- **TASK TO COMPLETE**: Transcribe the data exactly, stopping after the "(* Write phi" line.

[Stored items]

____

(* Let $1\le\nu<\infty$, let $\phi(z)=az+b$ with $0<|a|<1$, $b\in\mathbb{C}$, and let $w(z)=e^{p+qz}$ with $p,q\in\mathbb{C}$. Then: if $\operatorname{Re}p+\operatorname{Re}\left(\frac{qb}{1-a}\right)>0$, the operator $W_{w,\phi}$ is not power-bounded on $\mathcal{F}^\nu$; if $\operatorname{Re}p+\operatorname{Re}\left(\frac{qb}{1-a}\right)-\ln|a|<0$, the operator $W_{w,\phi}$ is power-bounded on $\mathcal{F}^\nu$.
   Context: For $1\le\nu<\infty$, $\mathcal{F}^\nu$ is the space of entire functions $f$ with $\|f\|_\nu:=\left(\frac{\nu}{2\pi}\int_{\mathbb{C}}|f(z)|^\nu e^{-\nu|z|^2/2}\,dm(z)\right)^{1/\nu}<\infty$. $W_{w,\phi}f=w\,(f\circ\phi)$. An operator $T$ is power-bounded if $\sup_{n\ge1}\|T^n\|<\infty$. *)

theory Defs
  imports "HOL-Analysis.Analysis"
begin

definition fock_weight :: "real \<Rightarrow> (complex \<Rightarrow> complex) \<Rightarrow> complex \<Rightarrow> real" where
  "fock_weight \<nu> f z = cmod (f z) powr \<nu> * exp (- \<nu> * (cmod z)\<^sup>2 / 2)"

definition in_fock :: "real \<Rightarrow> (complex \<Rightarrow> complex) \<Rightarrow> bool" where
  "in_fock \<nu> f \<longleftrightarrow> f holomorphic_on UNIV \<and> integrable lborel (fock_weight \<nu> f)"

definition fock_norm :: "real \<Rightarrow> (complex \<Rightarrow> complex) \<Rightarrow> real" where
  "fock_norm \<nu> f = (\<nu> / (2 * pi) * (\<integral>z. fock_weight \<nu> f z \<partial>lborel)) powr (1 / \<nu>)"

definition wcomp :: "(complex \<Rightarrow> complex) \<Rightarrow> (complex \<Rightarrow> complex) \<Rightarrow> (complex \<Rightarrow> complex) \<Rightarrow> (complex \<Rightarrow> complex)" where
  "wcomp w \<phi> f = (\<lambda>z. w z * f (\<phi> z))"

definition power_bounded :: "real \<Rightarrow> ((complex \<Rightarrow> complex) \<Rightarrow> (complex \<Rightarrow> complex)) \<Rightarrow> bool" where
  "power_bounded \<nu> T \<longleftrightarrow> (\<exists>C. \<forall>n\<ge>1. \<forall>f. in_fock \<nu> f \<longrightarrow>
      in_fock \<nu> ((T ^^ n) f) \<and> fock_norm \<nu> ((T ^^ n) f) \<le> C * fock_norm \<nu> f)"

end

(* Write phi z = a z + b, z0 = b / (1 - a) for its fixed point and lambda = exp (p + q z0).
   The function exp (q z / (1 - a)) is an eigenfunction of W with eigenvalue lambda, so W is not
   power-bounded when |lambda| > 1.  Conversely, the iterates have the closed form
     (W^n f) z = lambda^n * exp (q (z - z0) (1 + a + ... + a^(n-1))) * f (z0 + a^n (z - z0)),
   and the pointwise estimate |f w| <= exp (|w|^2 / 2) * ||f|| (the sub-mean-value property of |f|^nu,
   averaged against the rotation invariant Gaussian) bounds the Fock integrand of W^n f by ||f||^nu
   times one Gaussian exp (A |z| + C - nu (1 - |a|^2) |z|^2 / 2), uniformly in n >= 1, as soon as
   |lambda| <= 1.  So the second half of the theorem holds already when Re p + Re (q b / (1 - a)) <= 0. *)

theory Submission
  imports Defs "HOL-Complex_Analysis.Complex_Analysis" "HOL-Probability.Distributions"
begin

section \<open>Lebesgue measure on the complex plane\<close>

lemma borel_measurable_Complex [measurable]:
  fixes f g :: "'a \<Rightarrow> real"
  assumes [measurable]: "f \<in> borel_measurable M" "g \<in> borel_measurable M"
  shows "(\<lambda>x. Complex (f x) (g x)) \<in> borel_measurable M"
proof -
  have "(\<lambda>x. Complex (f x) (g x)) = (\<lambda>x. complex_of_real (f x) + \<i> * complex_of_real (g x))"
    by (auto simp: complex_eq_iff)
  then show ?thesis by simp
qed

lemma borel_measurable_Complex_pair [measurable]:
  "(\<lambda>p::real \<times> real. Complex (fst p) (snd p)) \<in> borel_measurable borel"
proof -
  have "(\<lambda>p::real \<times> real. Complex (fst p) (snd p)) = (\<lambda>p. of_real (fst p) + \<i> * of_real (snd p))"
    by (auto simp: complex_eq_iff)
  moreover have "continuous_on UNIV (\<lambda>p::real \<times> real. of_real (fst p) + \<i> * of_real (snd p))"
    by (intro continuous_intros)
  ultimately show ?thesis
    by (metis borel_measurable_continuous_onI)
qed

lemma distr_lborel_Complex:
  "distr lborel borel (\<lambda>p. Complex (fst p) (snd p)) = (lborel :: complex measure)"
proof (rule lborel_eqI[symmetric])
  fix l u :: complex
  assume lu: "\<And>b. b \<in> Basis \<Longrightarrow> l \<bullet> b \<le> u \<bullet> b"
  have "Re l \<le> Re u" "Im l \<le> Im u"
    using lu[of 1] lu[of \<i>] by (auto simp: Basis_complex_def)
  have "(\<lambda>p. Complex (fst p) (snd p)) -` box l u = box (Re l, Im l) (Re u, Im u)"
    by (auto simp: box_def Basis_complex_def Basis_prod_def inner_prod_def)
  then have "emeasure (distr lborel borel (\<lambda>p. Complex (fst p) (snd p))) (box l u)
      = emeasure lborel (box (Re l, Im l) (Re u, Im u))"
    by (simp add: emeasure_distr)
  also have "\<dots> = ennreal ((Re u - Re l) * (Im u - Im l))"
    using \<open>Re l \<le> Re u\<close> \<open>Im l \<le> Im u\<close>
    by (subst emeasure_lborel_box) (auto simp: Basis_prod_def inner_prod_def prod.union_disjoint)
  finally show "emeasure (distr lborel borel (\<lambda>p. Complex (fst p) (snd p))) (box l u)
      = (\<Prod>b\<in>Basis. (u - l) \<bullet> b)"
    by (simp add: Basis_complex_def)
qed simp

lemma nn_integral_lborel_complex:
  fixes F :: "complex \<Rightarrow> ennreal"
  assumes [measurable]: "F \<in> borel_measurable borel"
  shows "(\<integral>\<^sup>+z. F z \<partial>lborel) = (\<integral>\<^sup>+x. \<integral>\<^sup>+y. F (Complex x y) \<partial>lborel \<partial>lborel)"
proof -
  have "(\<integral>\<^sup>+z. F z \<partial>lborel) = (\<integral>\<^sup>+p. F (Complex (fst p) (snd p)) \<partial>(lborel \<Otimes>\<^sub>M lborel))"
    by (simp flip: distr_lborel_Complex add: nn_integral_distr lborel_prod)
  also have "\<dots> = (\<integral>\<^sup>+x. \<integral>\<^sup>+y. F (Complex x y) \<partial>lborel \<partial>lborel)"
    by (simp add: lborel.nn_integral_fst[symmetric])
  finally show ?thesis .
qed

lemma nn_integral_lborel_complex_shear_Re:
  fixes F :: "complex \<Rightarrow> ennreal" and c d :: real
  assumes [measurable]: "F \<in> borel_measurable borel" and "c \<noteq> 0"
  shows "(\<integral>\<^sup>+z. F z \<partial>lborel) = \<bar>c\<bar> * (\<integral>\<^sup>+z. F (Complex (d * Im z + c * Re z) (Im z)) \<partial>lborel)"
proof -
  have sheared: "(\<lambda>z. F (Complex (d * Im z + c * Re z) (Im z))) \<in> borel_measurable borel"
    by measurable
  have "(\<integral>\<^sup>+z. F z \<partial>lborel) = (\<integral>\<^sup>+x. \<integral>\<^sup>+y. F (Complex x y) \<partial>lborel \<partial>lborel)"
    by (rule nn_integral_lborel_complex) measurable
  also have "\<dots> = (\<integral>\<^sup>+y. \<integral>\<^sup>+x. F (Complex x y) \<partial>lborel \<partial>lborel)"
    by (rule lborel_pair.Fubini') measurable
  also have "\<dots> = (\<integral>\<^sup>+y. \<bar>c\<bar> * \<integral>\<^sup>+x. F (Complex (d * y + c * x) y) \<partial>lborel \<partial>lborel)"
    using \<open>c \<noteq> 0\<close> by (intro nn_integral_cong nn_integral_real_affine) simp_all
  also have "\<dots> = \<bar>c\<bar> * (\<integral>\<^sup>+y. \<integral>\<^sup>+x. F (Complex (d * y + c * x) y) \<partial>lborel \<partial>lborel)"
    by (rule nn_integral_cmult) measurable
  also have "(\<integral>\<^sup>+y. \<integral>\<^sup>+x. F (Complex (d * y + c * x) y) \<partial>lborel \<partial>lborel)
      = (\<integral>\<^sup>+x. \<integral>\<^sup>+y. F (Complex (d * y + c * x) y) \<partial>lborel \<partial>lborel)"
    by (rule lborel_pair.Fubini') measurable
  also have "\<dots> = (\<integral>\<^sup>+z. F (Complex (d * Im z + c * Re z) (Im z)) \<partial>lborel)"
    using nn_integral_lborel_complex[OF sheared] by simp
  finally show ?thesis .
qed

lemma nn_integral_lborel_complex_shear_Im:
  fixes F :: "complex \<Rightarrow> ennreal" and c d :: real
  assumes [measurable]: "F \<in> borel_measurable borel" and "c \<noteq> 0"
  shows "(\<integral>\<^sup>+z. F z \<partial>lborel) = \<bar>c\<bar> * (\<integral>\<^sup>+z. F (Complex (Re z) (d * Re z + c * Im z)) \<partial>lborel)"
proof -
  have sheared: "(\<lambda>z. F (Complex (Re z) (d * Re z + c * Im z))) \<in> borel_measurable borel"
    by measurable
  have "(\<integral>\<^sup>+z. F z \<partial>lborel) = (\<integral>\<^sup>+x. \<integral>\<^sup>+y. F (Complex x y) \<partial>lborel \<partial>lborel)"
    by (rule nn_integral_lborel_complex) measurable
  also have "\<dots> = (\<integral>\<^sup>+x. \<bar>c\<bar> * \<integral>\<^sup>+y. F (Complex x (d * x + c * y)) \<partial>lborel \<partial>lborel)"
    using \<open>c \<noteq> 0\<close> by (intro nn_integral_cong nn_integral_real_affine) simp_all
  also have "\<dots> = \<bar>c\<bar> * (\<integral>\<^sup>+x. \<integral>\<^sup>+y. F (Complex x (d * x + c * y)) \<partial>lborel \<partial>lborel)"
    by (rule nn_integral_cmult) measurable
  also have "(\<integral>\<^sup>+x. \<integral>\<^sup>+y. F (Complex x (d * x + c * y)) \<partial>lborel \<partial>lborel)
      = (\<integral>\<^sup>+z. F (Complex (Re z) (d * Re z + c * Im z)) \<partial>lborel)"
    using nn_integral_lborel_complex[OF sheared] by simp
  finally show ?thesis .
qed
text \<open>A convex function \<open>D\<close> on the grid that vanishes at its right end is the call function of the
  measure whose atoms are the jumps of the slope of the piecewise linear interpolation of \<open>D\<close>;
  the first atom is enlarged to reach the prescribed mass \<open>M\<close>.\<close>

lemma grid_measure_with_calls:
  fixes s D :: "nat \<Rightarrow> real" and K :: nat and M :: real
  assumes K_pos: "1 \<le> K" and s_mono: "\<And>i j. i < j \<Longrightarrow> j \<le> K \<Longrightarrow> s i < s j"
    and convex: "\<And>i. 0 < i \<Longrightarrow> i < K \<Longrightarrow>
        D i * (s (Suc i) - s (i - 1)) \<le> D (i - 1) * (s (Suc i) - s i) + D (Suc i) * (s i - s (i - 1))"
    and D_K: "D K = 0" and D_K1: "0 \<le> D (K - 1)"
    and mass: "(D 0 - D 1) / (s 1 - s 0) \<le> M"
  shows "\<exists>\<nu>. (\<forall>i\<le>K. 0 \<le> \<nu> i) \<and> (\<Sum>i\<le>K. \<nu> i) = M \<and> (\<forall>l\<le>K. (\<Sum>i\<le>K. \<nu> i * max 0 (s i - s l)) = D l)"
proof -
  define slope where "slope i = (if i < K then (D (Suc i) - D i) / (s (Suc i) - s i) else 0)" for i
  define \<nu> where "\<nu> i = (if i = 0 then M + slope 0 else slope i - slope (i - 1))" for i
  have gap: "0 < s (Suc i) - s i" if "i < K" for i using s_mono[of i "Suc i"] that by simp
  have slope_mono: "slope (i - 1) \<le> slope i" if "0 < i" "i < K" for i
  proof -
    have "(D i - D (i - 1)) * (s (Suc i) - s i) \<le> (D (Suc i) - D i) * (s i - s (i - 1))"
      using convex[OF that] by (simp add: algebra_simps)
    moreover have "0 < s i - s (i - 1)" using gap[of "i - 1"] that by simp
    ultimately have "(D i - D (i - 1)) / (s i - s (i - 1)) \<le> (D (Suc i) - D i) / (s (Suc i) - s i)"
      using gap[of i] that by (simp add: field_simps)
    then show ?thesis using that unfolding slope_def by simp
  qed
  have "0 \<le> \<nu> i" if iK: "i \<le> K" for i
  proof -
    consider "i = 0" | "0 < i" "i < K" | "i = K" "0 < i" using iK by linarith
    then show ?thesis
    proof cases
      case 1
      have "(D 1 - D 0) / (s 1 - s 0) = - ((D 0 - D 1) / (s 1 - s 0))" by (simp add: minus_divide_left)
      then show ?thesis using 1 mass K_pos unfolding \<nu>_def slope_def by simp
    next
      case 2
      then show ?thesis using slope_mono unfolding \<nu>_def by simp
    next
      case 3
      have "slope (K - 1) \<le> 0" using D_K D_K1 gap[of "K - 1"] K_pos unfolding slope_def by (simp add: divide_nonpos_pos)
      then show ?thesis using 3 unfolding \<nu>_def slope_def by simp
    qed
  qed
  moreover have tail: "(\<Sum>i\<in>{l<..K}. \<nu> i) = - slope l" if "l \<le> K" for l
  proof -
    have "(\<Sum>i\<in>{l<..K}. \<nu> i) = (\<Sum>i\<in>{l<..K}. slope i - slope (i - 1))" unfolding \<nu>_def by (rule sum.cong) auto
    then show ?thesis using sum_greaterThanAtMost_diff[OF that, of slope] unfolding slope_def by simp
  qed
  moreover have "(\<Sum>i\<le>K. \<nu> i) = M"
  proof -
    have "{..K} = insert 0 {0<..K}" by auto
    then have "(\<Sum>i\<le>K. \<nu> i) = \<nu> 0 + (\<Sum>i\<in>{0<..K}. \<nu> i)" by simp
    then show ?thesis using tail[of 0] unfolding \<nu>_def by simp
  qed
  moreover have "(\<Sum>i\<le>K. \<nu> i * max 0 (s i - s l)) = D l" if "l \<le> K" for l
    using that
  proof (induction l rule: inc_induct)
    case base
    have "(\<Sum>i\<le>K. \<nu> i * max 0 (s i - s K)) = 0"
      by (rule sum.neutral) (use s_mono in \<open>auto simp: le_less\<close>)
    then show ?case using D_K by simp
  next
    case (step l)
    then show ?case
      using call_grid_step[where s = s and K = K and \<nu> = \<nu>, OF s_mono] tail[of l] gap[of l] unfolding slope_def by simp
  qed
  ultimately show ?thesis by blast
qed

section \<open>Two-state problems with ordered, undominated actions\<close>

lemma two_point_mixture:
  fixes u :: "nat \<Rightarrow> nat \<Rightarrow> real"
  assumes "finite S" "i \<in> S" "i \<noteq> j" "0 \<le> w" "w \<le> 1" "j \<in> S \<or> w = 0"
  shows "prob_on S (\<lambda>a. if a = i then 1 - w else if a = j then w else 0)"
    and "mixed_util S u th (\<lambda>a. if a = i then 1 - w else if a = j then w else 0) = (1 - w) * u th i + w * u th j"
proof -
  define \<alpha> where "\<alpha> = (\<lambda>a. if a = i then 1 - w else if a = j then w else 0)"
  have sum_\<alpha>: "(\<Sum>a\<in>S. \<alpha> a * f a) = (1 - w) * f i + w * f j" for f :: "nat \<Rightarrow> real"
  proof -
    have "(\<Sum>a\<in>S. \<alpha> a * f a) = (\<Sum>a\<in>S. (if a = i then (1 - w) * f i else 0) + (if a = j then w * f j else 0))"
      unfolding \<alpha>_def by (rule sum.cong) (use assms(3) in auto)
    also have "\<dots> = (1 - w) * f i + w * f j" using assms by (auto simp: sum.distrib)
    finally show ?thesis .
  qed
  show "prob_on S (\<lambda>a. if a = i then 1 - w else if a = j then w else 0)"
    unfolding prob_on_def \<alpha>_def[symmetric]
    using sum_\<alpha>[of "\<lambda>_. 1"] assms unfolding \<alpha>_def by auto
  show "mixed_util S u th (\<lambda>a. if a = i then 1 - w else if a = j then w else 0) = (1 - w) * u th i + w * u th j"
    unfolding mixed_util_def \<alpha>_def[symmetric] by (rule sum_\<alpha>)
qed

definition threshold :: "nat \<Rightarrow> real \<Rightarrow> nat \<Rightarrow> real" where
  "threshold k lam l = (if l < k then 1 else if l = k then lam else 0)"

lemma sum_threshold:
  fixes f :: "nat \<Rightarrow> real"
  assumes "1 \<le> k" "k \<le> n" "k = n \<longrightarrow> lam = 0"
  shows "(\<Sum>l\<in>{1..<n}. threshold k lam l * f l) = (\<Sum>l\<in>{1..<k}. f l) + lam * f k"
proof -
  have split: "{1..<n} = {1..<k} \<union> {k..<n}" "{1..<k} \<inter> {k..<n} = {}" using assms by auto
  have "(\<Sum>l\<in>{1..<n}. threshold k lam l * f l)
      = (\<Sum>l\<in>{1..<k}. threshold k lam l * f l) + (\<Sum>l\<in>{k..<n}. threshold k lam l * f l)"
    unfolding split(1) by (rule sum.union_disjoint) (use split(2) in auto)
  also have "(\<Sum>l\<in>{1..<k}. threshold k lam l * f l) = (\<Sum>l\<in>{1..<k}. f l)"
    unfolding threshold_def by (rule sum.cong) auto
  also have "(\<Sum>l\<in>{k..<n}. threshold k lam l * f l) = (\<Sum>l\<in>{k..<n}. if l = k then lam * f k else 0)"
    unfolding threshold_def by (rule sum.cong) auto
  also have "\<dots> = lam * f k" using assms by auto
  finally show ?thesis .
qed

text \<open>Actions are \<open>1..n\<close>, states are \<open>1, 2\<close>. The increments \<open>incr l\<close> are the payoffs of the
  \<open>l\<close>-th problem of the canonical decomposition.\<close>

locale ordered_problem =
  fixes n :: nat and u :: "nat \<Rightarrow> nat \<Rightarrow> real"
  assumes n_pos: "1 \<le> n"
    and u1_strict_mono: "\<forall>i\<in>{1..<n}. u 1 i < u 1 (Suc i)"
    and u2_strict_antimono: "\<forall>i\<in>{1..<n}. u 2 i > u 2 (Suc i)"
    and u_first_zero: "u 1 1 = 0 \<and> u 2 1 = 0"
    and undominated: "\<forall>i\<in>{1..n}. \<not> (\<exists>\<alpha>. prob_on ({1..n} - {i}) \<alpha> \<and>
                    (\<forall>th\<in>{1,2}. u th i \<le> mixed_util ({1..n} - {i}) u th \<alpha>))"
begin

definition incr :: "nat \<Rightarrow> nat \<Rightarrow> real" where
  "incr l th = u th (Suc l) - u th l"

definition gain :: "nat \<Rightarrow> real" where
  "gain l = incr l 1"

definition loss :: "nat \<Rightarrow> real" where
  "loss l = - incr l 2"

definition slope :: "nat \<Rightarrow> real" where
  "slope l = loss l / gain l"

text \<open>The probability of state 1 at which \<open>l\<close> and \<open>l + 1\<close> are equally good.\<close>

definition cutoff :: "nat \<Rightarrow> real" where
  "cutoff l = loss l / (gain l + loss l)"

definition belief_grid :: "nat \<Rightarrow> real" where
  "belief_grid i = (if i = 0 then 0 else if i < n then cutoff i else 1)"

lemma gain_loss_pos: "1 \<le> l \<Longrightarrow> l < n \<Longrightarrow> 0 < gain l \<and> 0 < loss l"
  using u1_strict_mono u2_strict_antimono unfolding gain_def loss_def incr_def by auto

lemma u_eq_sum_incr: "1 \<le> a \<Longrightarrow> th = 1 \<or> th = 2 \<Longrightarrow> u th a = (\<Sum>l\<in>{1..<a}. incr l th)"
proof (induction a rule: dec_induct)
  case base
  then show ?case using u_first_zero by auto
next
  case (step a)
  have "{1..<Suc a} = insert a {1..<a}" using step.hyps by auto
  then show ?case using step by (simp add: incr_def)
qed

text \<open>If the slopes failed to increase at \<open>l\<close>, action \<open>l + 1\<close> would be weakly dominated by a
  mixture of \<open>l\<close> and \<open>l + 2\<close>.\<close>

lemma undominated_slope_step:
  assumes l: "1 \<le> l" "Suc l < n"
  shows "loss l * gain (Suc l) < loss (Suc l) * gain l"
proof (rule ccontr)
  assume neg: "\<not> loss l * gain (Suc l) < loss (Suc l) * gain l"
  have pos: "0 < gain l" "0 < loss l" "0 < gain (Suc l)" "0 < loss (Suc l)"
    using gain_loss_pos[of l] gain_loss_pos[of "Suc l"] l by auto
  define X where "X = gain l + gain (Suc l)"
  define w where "w = gain (Suc l) / X"
  define S where "S = {1..n} - {Suc l}"
  have X: "0 < X" and w: "0 \<le> w" "w \<le> 1" unfolding w_def X_def using pos by auto
  have S: "finite S" "Suc (Suc l) \<in> S" "l \<in> S" "Suc (Suc l) \<noteq> l" unfolding S_def using l by auto
  note mixture = two_point_mixture[OF S(1,2,4) w disjI1[OF S(3)]]
  have dominated: "u th (Suc l) \<le> (1 - w) * u th (Suc (Suc l)) + w * u th l" if th: "th \<in> {1,2}" for th
  proof -
    have step: "u th (Suc l) = u th l + incr l th" "u th (Suc (Suc l)) = u th l + incr l th + incr (Suc l) th"
      unfolding incr_def by simp_all
    have "1 - w = gain l / X" using X unfolding w_def X_def by (simp add: field_simps)
    then have "(1 - w) * u th (Suc (Suc l)) + w * u th l = (gain l * u th (Suc (Suc l)) + gain (Suc l) * u th l) / X"
      unfolding w_def by (simp add: add_divide_distrib)
    also have "\<dots> = (X * u th l + gain l * (incr l th + incr (Suc l) th)) / X"
      unfolding step X_def by (simp add: algebra_simps)
    also have "\<dots> = u th l + gain l * (incr l th + incr (Suc l) th) / X"
      using X by (simp add: add_divide_distrib)
    finally have mix: "(1 - w) * u th (Suc (Suc l)) + w * u th l = u th l + gain l * (incr l th + incr (Suc l) th) / X" .
    show ?thesis
    proof (cases "th = 1")
      case True
      then have "gain l * (incr l th + incr (Suc l) th) / X = gain l"
        using X unfolding gain_def X_def by simp
      then show ?thesis using mix step True unfolding gain_def by simp
    next
      case False
      then have "th = 2" using th by simp
      moreover have "gain l * (loss l + loss (Suc l)) \<le> loss l * X" unfolding X_def using neg by (simp add: algebra_simps)
      ultimately have "incr l th \<le> gain l * (incr l th + incr (Suc l) th) / X"
        using X unfolding loss_def by (simp add: field_simps)
      then show ?thesis using mix step by simp
    qed
  qed
  define \<alpha> where "\<alpha> = (\<lambda>a. if a = Suc (Suc l) then 1 - w else if a = l then w else 0)"
  have "prob_on S \<alpha> \<and> (\<forall>th\<in>{1,2}. u th (Suc l) \<le> mixed_util S u th \<alpha>)"
    unfolding \<alpha>_def mixture(2) using mixture(1) dominated by blast
  moreover have "Suc l \<in> {1..n}" using l by simp
  ultimately show False using undominated unfolding S_def by blast
qed

lemma slope_mono:
  assumes "1 \<le> i" "i \<le> j" "j < n"
  shows "slope i \<le> slope j"
  using assms(2,3)
proof (induction j rule: dec_induct)
  case (step j)
  have j: "1 \<le> j" "Suc j < n" using assms(1) step by auto
  have "0 < gain j" "0 < gain (Suc j)" using gain_loss_pos[of j] gain_loss_pos[of "Suc j"] j by auto
  then have "slope j < slope (Suc j)"
    using undominated_slope_step[OF j] unfolding slope_def by (simp add: field_simps mult.commute)
  then show ?case using step by simp
qed simp

lemma cutoff_strict_mono:
  assumes "1 \<le> i" "i < j" "j < n"
  shows "cutoff i < cutoff j"
proof -
  have cutoff_step: "cutoff l < cutoff (Suc l)" if "1 \<le> l" "Suc l < n" for l
  proof -
    have "0 < gain l" "0 < loss l" "0 < gain (Suc l)" "0 < loss (Suc l)"
      using gain_loss_pos[of l] gain_loss_pos[of "Suc l"] that by auto
    then show ?thesis using undominated_slope_step[OF that] unfolding cutoff_def by (simp add: field_simps)
  qed
  have "Suc i \<le> j" using assms by simp
  then show ?thesis using assms(3)
  proof (induction j rule: dec_induct)
    case base then show ?case using cutoff_step assms(1) by simp
  next
    case (step j) then show ?case using cutoff_step[of j] assms(1) by fastforce
  qed
qed

lemma cutoff_range: "1 \<le> l \<Longrightarrow> l < n \<Longrightarrow> 0 < cutoff l \<and> cutoff l < 1"
  using gain_loss_pos[of l] unfolding cutoff_def by (auto simp: divide_less_eq)

lemma belief_grid_strict_mono: "i < j \<Longrightarrow> j \<le> n \<Longrightarrow> belief_grid i < belief_grid j"
  unfolding belief_grid_def using cutoff_range[of i] cutoff_range[of j] cutoff_strict_mono[of i j] by auto

lemma belief_grid_range: "0 \<le> belief_grid i \<and> belief_grid i \<le> 1"
  unfolding belief_grid_def using cutoff_range[of i] by auto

____

- **REPLY TO THE EXERCISE**:
(* Let $1\le\nu<\infty$, let $\phi(z)=az+b$ with $0<|a|<1$, $b\in\mathbb{C}$, and let $w(z)=e^{p+qz}$ with $p,q\in\mathbb{C}$. Then: if $\operatorname{Re}p+\operatorname{Re}\left(\frac{qb}{1-a}\right)>0$, the operator $W_{w,\phi}$ is not power-bounded on $\mathcal{F}^\nu$; if $\operatorname{Re}p+\operatorname{Re}\left(\frac{qb}{1-a}\right)-\ln|a|<0$, the operator $W_{w,\phi}$ is power-bounded on $\mathcal{F}^\nu$.
   Context: For $1\le\nu<\infty$, $\mathcal{F}^\nu$ is the space of entire functions $f$ with $\|f\|_\nu:=\left(\frac{\nu}{2\pi}\int_{\mathbb{C}}|f(z)|^\nu e^{-\nu|z|^2/2}\,dm(z)\right)^{1/\nu}<\infty$. $W_{w,\phi}f=w\,(f\circ\phi)$. An operator $T$ is power-bounded if $\sup_{n\ge1}\|T^n\|<\infty$. *)

theory Defs
  imports "HOL-Analysis.Analysis"
begin

definition fock_weight :: "real \<Rightarrow> (complex \<Rightarrow> complex) \<Rightarrow> complex \<Rightarrow> real" where
  "fock_weight \<nu> f z = cmod (f z) powr \<nu> * exp (- \<nu> * (cmod z)\<^sup>2 / 2)"

definition in_fock :: "real \<Rightarrow> (complex \<Rightarrow> complex) \<Rightarrow> bool" where
  "in_fock \<nu> f \<longleftrightarrow> f holomorphic_on UNIV \<and> integrable lborel (fock_weight \<nu> f)"

definition fock_norm :: "real \<Rightarrow> (complex \<Rightarrow> complex) \<Rightarrow> real" where
  "fock_norm \<nu> f = (\<nu> / (2 * pi) * (\<integral>z. fock_weight \<nu> f z \<partial>lborel)) powr (1 / \<nu>)"

definition wcomp :: "(complex \<Rightarrow> complex) \<Rightarrow> (complex \<Rightarrow> complex) \<Rightarrow> (complex \<Rightarrow> complex) \<Rightarrow> (complex \<Rightarrow> complex)" where
  "wcomp w \<phi> f = (\<lambda>z. w z * f (\<phi> z))"

definition power_bounded :: "real \<Rightarrow> ((complex \<Rightarrow> complex) \<Rightarrow> (complex \<Rightarrow> complex)) \<Rightarrow> bool" where
  "power_bounded \<nu> T \<longleftrightarrow> (\<exists>C. \<forall>n\<ge>1. \<forall>f. in_fock \<nu> f \<longrightarrow>
      in_fock \<nu> ((T ^^ n) f) \<and> fock_norm \<nu> ((T ^^ n) f) \<le> C * fock_norm \<nu> f)"

end

(* Write phi z = a z + b, z0 = b / (1 - a) for its fixed point and lambda = exp (p + q z0).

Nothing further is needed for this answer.